• _Assignment_
Lines from the entries below that hold "Zero" form the answer; copy all of them.

• _Records provided_
════════════════════

(* For all CPC processes $P,Q$ and every substitution $\sigma$: if $P\simeq Q$ then $\sigma P\simeq\sigma Q$.
   Context: Concurrent pattern calculus (CPC). Fix a countable set $\mathcal N$ of names. Patterns are $p ::= \lambda x \mid x \mid \ulcorner x\urcorner \mid p\bullet p$ (binding name, variable name, protected name, compound; $\bullet$ is left associative). ${\sf bn}(p)$, ${\sf vn}(p)$, ${\sf pn}(p)$ denote the sets of names occurring in $p$ as binding, variable and protected names, and ${\sf fn}(p)={\sf vn}(p)\cup{\sf pn}(p)$. A pattern is well formed if its binding names are pairwise distinct and distinct from its free names; all patterns are assumed well formed. A pattern is communicable if it contains no protected and no binding names; protection extends to communicable patterns by $\ulcorner p\bullet q\urcorner=\ulcorner p\urcorner\bullet\ulcorner q\urcorner$. A substitution is a partial function with finite domain from names to communicable patterns. On patterns: $\sigma x=\sigma(x)$ if $x\in{\sf dom}(\sigma)$ else $x$; $\sigma\ulcorner x\urcorner=\ulcorner\sigma(x)\urcorner$ if $x\in{\sf dom}(\sigma)$ else $\ulcorner x\urcorner$; $\sigma(\lambda x)=\lambda x$; $\sigma(p\bullet q)=\sigma p\bullet\sigma q$. Unification $\{p\,\|\,q\}$ is a pair of substitutions or undefined: $\{x\|x\}=\{x\|\ulcorner x\urcorner\}=\{\ulcorner x\urcorner\|x\}=\{\ulcorner x\urcorner\|\ulcorner x\urcorner\}=(\{\},\{\})$; $\{\lambda x\|q\}=(\{q/x\},\{\})$ if $q$ is communicable; $\{p\|\lambda x\}=(\{\},\{p/x\})$ if $p$ is communicable; $\{p_1\bullet p_2\|q_1\bullet q_2\}=(\sigma_1\cup\sigma_2,\rho_1\cup\rho_2)$ if $\{p_i\|q_i\}=(\sigma_i,\rho_i)$ for $i=1,2$; undefined otherwise. Processes: $P ::= 0 \mid P|P \mid\ !P \mid (\nu x)P \mid p\to P$ (the binding names of $p$ bind in $P$; ${\sf fn}(p\to P)={\sf fn}(p)\cup({\sf fn}(P)\setminus{\sf bn}(p))$; other free names as usual). Substitution on processes is capture avoiding (up to $\alpha$-conversion). Structural congruence $\equiv$ is the least congruence containing $\alpha$-conversion and $P|0\equiv P$, $P|Q\equiv Q|P$, $P|(Q|R)\equiv(P|Q)|R$, $(\nu n)0\equiv 0$, $(\nu n)(\nu m)P\equiv(\nu m)(\nu n)P$, $!P\equiv P|!P$, $P|(\nu n)Q\equiv(\nu n)(P|Q)$ if $n\notin{\sf fn}(P)$. Reduction $\to$ is the least relation with $(p\to P)|(q\to Q)\to\sigma P|\rho Q$ whenever $\{p\|q\}=(\sigma,\rho)$, closed under $P\to P'\Rightarrow P|Q\to P'|Q$ and $(\nu n)P\to(\nu n)P'$, and under $\equiv$ on both sides. Barbs: $P\downarrow_{\tilde m}$ iff $P\equiv(\nu\tilde n)(p\to P'|P'')$ with ${\sf pn}(p)\cap\tilde n=\emptyset$ and $\tilde m={\sf fn}(p)\setminus\tilde n$. A relation $\mathcal R$ is barb preserving if $(P,Q)\in\mathcal R$ and $P\downarrow_{\tilde m}$ imply $Q\downarrow_{\tilde m}$; reduction closed if $(P,Q)\in\mathcal R$ and $P\to P'$ imply $Q\to Q'$ with $(P',Q')\in\mathcal R$; context closed if $(P,Q)\in\mathcal R$ implies $(C[P],C[Q])\in\mathcal R$ for every context $C[\cdot]$ (a process with one hole). Barbed congruence $\simeq$ is the largest symmetric, barb preserving, reduction closed and context closed relation on processes. *)

theory Defs
  imports Main
begin

type_synonym name = nat

datatype pat =
    PBind name        (* \<lambda>x  binding name *)
  | PVar name
  | PProt name
  | PComp pat pat     (* p \<bullet> q *)

fun bnl :: "pat \<Rightarrow> name list" where
  "bnl (PBind x) = [x]"
| "bnl (PVar x) = []"
| "bnl (PProt x) = []"
| "bnl (PComp p q) = bnl p @ bnl q"

definition bn :: "pat \<Rightarrow> name set" where
  "bn p = set (bnl p)"

fun vn :: "pat \<Rightarrow> name set" where
  "vn (PBind x) = {}"
| "vn (PVar x) = {x}"
| "vn (PProt x) = {}"
| "vn (PComp p q) = vn p \<union> vn q"

fun pn :: "pat \<Rightarrow> name set" where
  "pn (PBind x) = {}"
| "pn (PVar x) = {}"
| "pn (PProt x) = {x}"
| "pn (PComp p q) = pn p \<union> pn q"

definition fn :: "pat \<Rightarrow> name set" where
  "fn p = vn p \<union> pn p"

definition wf_pat :: "pat \<Rightarrow> bool" where
  "wf_pat p \<longleftrightarrow> distinct (bnl p) \<and> bn p \<inter> fn p = {}"

definition communicable :: "pat \<Rightarrow> bool" where
  "communicable p \<longleftrightarrow> bn p = {} \<and> pn p = {}"

fun protect :: "pat \<Rightarrow> pat" where
  "protect (PVar x) = PProt x"
| "protect (PComp p q) = PComp (protect p) (protect q)"
| "protect p = p"

type_synonym subst = "name \<rightharpoonup> pat"

definition is_subst :: "subst \<Rightarrow> bool" where
  "is_subst \<sigma> \<longleftrightarrow> finite (dom \<sigma>) \<and> (\<forall>q\<in>ran \<sigma>. communicable q)"

fun patsub :: "subst \<Rightarrow> pat \<Rightarrow> pat" where
  "patsub \<sigma> (PVar x) = (case \<sigma> x of Some q \<Rightarrow> q | None \<Rightarrow> PVar x)"
| "patsub \<sigma> (PProt x) = (case \<sigma> x of Some q \<Rightarrow> protect q | None \<Rightarrow> PProt x)"
| "patsub \<sigma> (PBind x) = PBind x"
| "patsub \<sigma> (PComp p q) = PComp (patsub \<sigma> p) (patsub \<sigma> q)"

fun unify :: "pat \<Rightarrow> pat \<Rightarrow> (subst \<times> subst) option" where
  "unify (PBind x) q = (if communicable q then Some ([x \<mapsto> q], Map.empty) else None)"
| "unify p (PBind x) = (if communicable p then Some (Map.empty, [x \<mapsto> p]) else None)"
| "unify (PVar x) (PVar y) = (if x = y then Some (Map.empty, Map.empty) else None)"
| "unify (PVar x) (PProt y) = (if x = y then Some (Map.empty, Map.empty) else None)"
| "unify (PProt x) (PVar y) = (if x = y then Some (Map.empty, Map.empty) else None)"
| "unify (PProt x) (PProt y) = (if x = y then Some (Map.empty, Map.empty) else None)"
| "unify (PComp p1 p2) (PComp q1 q2) =
     (case (unify p1 q1, unify p2 q2) of
        (Some (s1, r1), Some (s2, r2)) \<Rightarrow> Some (s1 ++ s2, r1 ++ r2)
      | _ \<Rightarrow> None)"
| "unify _ _ = None"

datatype proc =
    Zero
  | Par proc proc
  | Rep proc
  | New name proc
  | Case pat proc     (* p \<rightarrow> P *)

fun fnp :: "proc \<Rightarrow> name set" where
  "fnp Zero = {}"
| "fnp (Par P Q) = fnp P \<union> fnp Q"
| "fnp (Rep P) = fnp P"
| "fnp (New x P) = fnp P - {x}"
| "fnp (Case p P) = fn p \<union> (fnp P - bn p)"

fun wf_proc :: "proc \<Rightarrow> bool" where
  "wf_proc Zero = True"
| "wf_proc (Par P Q) = (wf_proc P \<and> wf_proc Q)"
| "wf_proc (Rep P) = wf_proc P"
| "wf_proc (New x P) = wf_proc P"
| "wf_proc (Case p P) = (wf_pat p \<and> wf_proc P)"

definition fresh :: "name set \<Rightarrow> name" where
  "fresh X = (LEAST n. n \<notin> X)"

fun fresh_list :: "nat \<Rightarrow> name set \<Rightarrow> name list" where
  "fresh_list 0 X = []"
| "fresh_list (Suc n) X = fresh X # fresh_list n (insert (fresh X) X)"

definition rnames :: "subst \<Rightarrow> name set" where
  "rnames \<sigma> = (\<Union>q\<in>ran \<sigma>. vn q \<union> pn q \<union> bn q)"

fun rename_bn :: "(name \<rightharpoonup> name) \<Rightarrow> pat \<Rightarrow> pat" where
  "rename_bn r (PBind x) = PBind (case r x of Some y \<Rightarrow> y | None \<Rightarrow> x)"
| "rename_bn r (PComp p q) = PComp (rename_bn r p) (rename_bn r q)"
| "rename_bn r p = p"

text \<open>Bound names are renamed to fresh names (avoiding the free names of the
  process and all names of the substitution) before substituting; this is
  capture-avoiding substitution, determined up to alpha-conversion.\<close>
fun psub :: "subst \<Rightarrow> proc \<Rightarrow> proc" where
  "psub \<sigma> Zero = Zero"
| "psub \<sigma> (Par P Q) = Par (psub \<sigma> P) (psub \<sigma> Q)"
| "psub \<sigma> (Rep P) = Rep (psub \<sigma> P)"
| "psub \<sigma> (New x P) =
     (let y = fresh (fnp (New x P) \<union> dom \<sigma> \<union> rnames \<sigma>)
      in New y (psub (\<sigma>(x \<mapsto> PVar y)) P))"
| "psub \<sigma> (Case p P) =
     (let xs = bnl p;
          ys = fresh_list (length xs) (fnp (Case p P) \<union> dom \<sigma> \<union> rnames \<sigma>)
      in Case (rename_bn (map_of (zip xs ys)) (patsub \<sigma> p))
              (psub (\<sigma> ++ map_of (zip xs (map PVar ys))) P))"

definition swapn :: "name \<Rightarrow> name \<Rightarrow> name \<Rightarrow> name" where
  "swapn a b z = (if z = a then b else if z = b then a else z)"

fun pat_swap :: "name \<Rightarrow> name \<Rightarrow> pat \<Rightarrow> pat" where
  "pat_swap a b (PBind x) = PBind (swapn a b x)"
| "pat_swap a b (PVar x) = PVar (swapn a b x)"
| "pat_swap a b (PProt x) = PProt (swapn a b x)"
| "pat_swap a b (PComp p q) = PComp (pat_swap a b p) (pat_swap a b q)"

fun proc_swap :: "name \<Rightarrow> name \<Rightarrow> proc \<Rightarrow> proc" where
  "proc_swap a b Zero = Zero"
| "proc_swap a b (Par P Q) = Par (proc_swap a b P) (proc_swap a b Q)"
| "proc_swap a b (Rep P) = Rep (proc_swap a b P)"
| "proc_swap a b (New x P) = New (swapn a b x) (proc_swap a b P)"
| "proc_swap a b (Case p P) = Case (pat_swap a b p) (proc_swap a b P)"

inductive scong :: "proc \<Rightarrow> proc \<Rightarrow> bool" (infix "\<equiv>\<^sub>s" 50) where
  s_refl: "P \<equiv>\<^sub>s P"
| s_sym: "P \<equiv>\<^sub>s Q \<Longrightarrow> Q \<equiv>\<^sub>s P"
| s_trans: "P \<equiv>\<^sub>s Q \<Longrightarrow> Q \<equiv>\<^sub>s R \<Longrightarrow> P \<equiv>\<^sub>s R"
| s_par: "P \<equiv>\<^sub>s P' \<Longrightarrow> Q \<equiv>\<^sub>s Q' \<Longrightarrow> Par P Q \<equiv>\<^sub>s Par P' Q'"
| s_rep: "P \<equiv>\<^sub>s P' \<Longrightarrow> Rep P \<equiv>\<^sub>s Rep P'"
| s_new: "P \<equiv>\<^sub>s P' \<Longrightarrow> New n P \<equiv>\<^sub>s New n P'"
| s_case: "P \<equiv>\<^sub>s P' \<Longrightarrow> Case p P \<equiv>\<^sub>s Case p P'"
| s_alpha: "a \<notin> fnp P \<Longrightarrow> b \<notin> fnp P \<Longrightarrow> P \<equiv>\<^sub>s proc_swap a b P"
| s_par_zero: "Par P Zero \<equiv>\<^sub>s P"
| s_par_comm: "Par P Q \<equiv>\<^sub>s Par Q P"
| s_par_assoc: "Par P (Par Q R) \<equiv>\<^sub>s Par (Par P Q) R"
| s_new_zero: "New n Zero \<equiv>\<^sub>s Zero"
| s_new_new: "New n (New m P) \<equiv>\<^sub>s New m (New n P)"
| s_rep_unf: "Rep P \<equiv>\<^sub>s Par P (Rep P)"
| s_extr: "n \<notin> fnp P \<Longrightarrow> Par P (New n Q) \<equiv>\<^sub>s New n (Par P Q)"

inductive red :: "proc \<Rightarrow> proc \<Rightarrow> bool" (infix "\<longmapsto>" 50) where
  r_comm: "unify p q = Some (\<sigma>, \<rho>) \<Longrightarrow>
             Par (Case p P) (Case q Q) \<longmapsto> Par (psub \<sigma> P) (psub \<rho> Q)"
| r_par: "P \<longmapsto> P' \<Longrightarrow> Par P Q \<longmapsto> Par P' Q"
| r_new: "P \<longmapsto> P' \<Longrightarrow> New n P \<longmapsto> New n P'"
| r_struct: "P \<equiv>\<^sub>s P0 \<Longrightarrow> P0 \<longmapsto> Q0 \<Longrightarrow> Q0 \<equiv>\<^sub>s Q \<Longrightarrow> P \<longmapsto> Q"

fun news :: "name list \<Rightarrow> proc \<Rightarrow> proc" where
  "news [] P = P"
| "news (n # ns) P = New n (news ns P)"

definition barb :: "proc \<Rightarrow> name set \<Rightarrow> bool" where
  "barb P M \<longleftrightarrow> (\<exists>ns p P' P''. P \<equiv>\<^sub>s news ns (Par (Case p P') P'') \<and>
                      pn p \<inter> set ns = {} \<and> M = fn p - set ns)"

datatype ctx =
    Hole
  | CParL ctx proc
  | CParR proc ctx
  | CRep ctx
  | CNew name ctx
  | CCase pat ctx

fun fill :: "ctx \<Rightarrow> proc \<Rightarrow> proc" where
  "fill Hole P = P"
| "fill (CParL C Q) P = Par (fill C P) Q"
| "fill (CParR Q C) P = Par Q (fill C P)"
| "fill (CRep C) P = Rep (fill C P)"
| "fill (CNew n C) P = New n (fill C P)"
| "fill (CCase p C) P = Case p (fill C P)"

fun wf_ctx :: "ctx \<Rightarrow> bool" where
  "wf_ctx Hole = True"
| "wf_ctx (CParL C Q) = (wf_ctx C \<and> wf_proc Q)"
| "wf_ctx (CParR Q C) = (wf_proc Q \<and> wf_ctx C)"
| "wf_ctx (CRep C) = wf_ctx C"
| "wf_ctx (CNew n C) = wf_ctx C"
| "wf_ctx (CCase p C) = (wf_pat p \<and> wf_ctx C)"

definition on_procs :: "(proc \<Rightarrow> proc \<Rightarrow> bool) \<Rightarrow> bool" where
  "on_procs R \<longleftrightarrow> (\<forall>P Q. R P Q \<longrightarrow> wf_proc P \<and> wf_proc Q)"

definition barb_preserving :: "(proc \<Rightarrow> proc \<Rightarrow> bool) \<Rightarrow> bool" where
  "barb_preserving R \<longleftrightarrow> (\<forall>P Q M. R P Q \<longrightarrow> barb P M \<longrightarrow> barb Q M)"

definition reduction_closed :: "(proc \<Rightarrow> proc \<Rightarrow> bool) \<Rightarrow> bool" where
  "reduction_closed R \<longleftrightarrow> (\<forall>P Q P'. R P Q \<longrightarrow> P \<longmapsto> P' \<longrightarrow> (\<exists>Q'. Q \<longmapsto> Q' \<and> R P' Q'))"

definition context_closed :: "(proc \<Rightarrow> proc \<Rightarrow> bool) \<Rightarrow> bool" where
  "context_closed R \<longleftrightarrow> (\<forall>P Q C. R P Q \<longrightarrow> wf_ctx C \<longrightarrow> R (fill C P) (fill C Q))"

text \<open>Barbed congruence: the largest (= union of all) symmetric, barb preserving,
  reduction closed and context closed relation on processes.\<close>
definition barbed_cong :: "proc \<Rightarrow> proc \<Rightarrow> bool" (infix "\<simeq>" 50) where
  "P \<simeq> Q \<longleftrightarrow> (\<exists>R. on_procs R \<and> symp R \<and> barb_preserving R \<and>
                    reduction_closed R \<and> context_closed R \<and> R P Q)"

end

theory Submission
  imports Defs "HOL-Library.Multiset"
begin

════════════════════

• _Response_
    Zero
  "fnp Zero = {}"
  "wf_proc Zero = True"
  "psub \<sigma> Zero = Zero"
  "proc_swap a b Zero = Zero"
| s_par_zero: "Par P Zero \<equiv>\<^sub>s P"
| s_new_zero: "New n Zero \<equiv>\<^sub>s Zero"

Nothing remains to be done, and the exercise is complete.